CTO Playbook: First 90 Days at an Early-Stage Startup

# CTO Playbook: First 90 Days at an Early-Stage Startup

You just got the title. Maybe you were employee #3 and the founder said "you're CTO now." Maybe you left a staff role at a Series C company to take the leap. Either way, you have 90 days before the decisions you make calcify into the architecture your team will fight against for the next three years.

Most first-time CTOs spend those 90 days writing code. The ones who succeed spend them making decisions.

The 7 Decisions That Define 3 Years

Here is what nobody tells you in the "how to be a CTO" Medium posts: the technical choices you make in your first quarter are not really about technology. They are about organizational constraints.

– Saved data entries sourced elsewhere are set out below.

(* Let $G=(I_0\cup I_1,E)$ be a bipartite graph with bipartition $(I_0,I_1)$ such that $d(v)\ge 3$ for every $v\in I_1$, and let $d_1,d_2$ be real numbers with $0<d_1<d_2$. Then $G$ admits a proper $\{-d_1,0,d_2\}$-edge weighting.
   Context: All graphs are simple, finite and undirected; $d(v)$ denotes the degree of $v$. For a graph $G=(V,E)$ and a set $Q\subset\mathbb{R}$, a $Q$-edge weighting is a map $w:E\to Q$. The weighted degree of a vertex $v$ is $d_w(v)=\sum_{e\ni v}w(e)$. An edge $uv$ is a conflict if $d_w(u)=d_w(v)$, and $w$ is proper if it has no conflicts. *)

theory Defs
  imports Complex_Main
begin

definition simple_graph :: "'a set \<Rightarrow> 'a set set \<Rightarrow> bool" where
  "simple_graph V E \<longleftrightarrow> finite V \<and> (\<forall>e\<in>E. \<exists>u v. u \<in> V \<and> v \<in> V \<and> u \<noteq> v \<and> e = {u, v})"

definition degree :: "'a set set \<Rightarrow> 'a \<Rightarrow> nat" where
  "degree E v = card {e \<in> E. v \<in> e}"

definition bipartite_with :: "'a set \<Rightarrow> 'a set \<Rightarrow> 'a set set \<Rightarrow> bool" where
  "bipartite_with I0 I1 E \<longleftrightarrow> simple_graph (I0 \<union> I1) E \<and> I0 \<inter> I1 = {} \<and>
     (\<forall>e\<in>E. \<exists>u v. u \<in> I0 \<and> v \<in> I1 \<and> e = {u, v})"
lemma wf_ideal_psupset: "wf {(J, I). ideal_of D I \<and> ideal_of D J \<and> I \<subset> J}"
  unfolding wf_iff_no_infinite_down_chain
proof
  assume "\<exists>f. \<forall>i. (f (Suc i), f i) \<in> {(J, I). ideal_of D I \<and> ideal_of D J \<and> I \<subset> J}"
  then obtain I where "\<forall>i. (I (Suc i), I i) \<in> {(J, I). ideal_of D I \<and> ideal_of D J \<and> I \<subset> J}"
    by blast
  then have I: "\<And>i. ideal_of D (I i)" "\<And>i. I i \<subset> I (Suc i)" by auto
  then obtain k where "I (Suc k) = I k" using ideal_chain_stabilises[of I] by blast
  then show False using I(2)[of k] by simp
qed

lemma ideal_noetherian_induct [consumes 1, case_names less]:
  assumes "ideal_of D I"
    and "\<And>I. ideal_of D I \<Longrightarrow> (\<And>J. ideal_of D J \<Longrightarrow> I \<subset> J \<Longrightarrow> Q J) \<Longrightarrow> Q I"
  shows "Q I"
  using assms(1)
proof (induction I rule: wf_induct_rule[OF wf_ideal_psupset])
  case (1 I)
  then show ?case using assms(2) by blast
qed

lemma exists_maximal_ideal:
  "ideal_of D I \<Longrightarrow> I \<noteq> D \<Longrightarrow> \<exists>M. maximal_ideal_of D M \<and> I \<subseteq> M"
proof (induction I rule: ideal_noetherian_induct)
  case (less I)
  show ?case
  proof (cases "maximal_ideal_of D I")
    case False
    then obtain J where "ideal_of D J" "I \<subset> J" "J \<noteq> D"
      using less.prems less.hyps unfolding maximal_ideal_of_def by blast
    then obtain M where "maximal_ideal_of D M" "J \<subseteq> M" using less.IH by blast
    then show ?thesis using \<open>I \<subset> J\<close> by blast
  qed blast
qed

You are choosing the failure modes your company will experience at 10x scale. You are choosing the hiring profile of every engineer who joins after you. You are choosing how fast your team can ship when the board asks why revenue is not growing.

These seven decisions are the ones we have seen matter most across dozens of early-stage engagements. Get them right, and you buy yourself 18-24 months of compounding velocity. Get them wrong, and you will spend those same months rewriting.

Decision 1: Monolith First (Always)

If your startup has fewer than 15 engineers and less than $5M ARR, you do not need microservices. Full stop.

The monolith-vs-microservices debate ended years ago for anyone paying attention to what actually ships product. Shopify ran a monolithic Rails app to well past $1B in GMV. Basecamp still runs a monolith. Linear — the product engineers actually love — is a monolith. Figma scaled a monolith to hundreds of millions in ARR before splitting services.

What you need is a modular monolith: a single deployable unit with clear internal boundaries. Domain modules with explicit interfaces. Shared database, but with schema ownership per module. You get the deployment simplicity of a monolith with the organizational clarity of service boundaries.

The microservices trap is seductive because it feels like "real engineering." But what it actually gives a 5-person team is distributed debugging, network latency between every function call, 14 Kubernetes manifests to maintain, and a deployment pipeline that takes 45 minutes instead of 4.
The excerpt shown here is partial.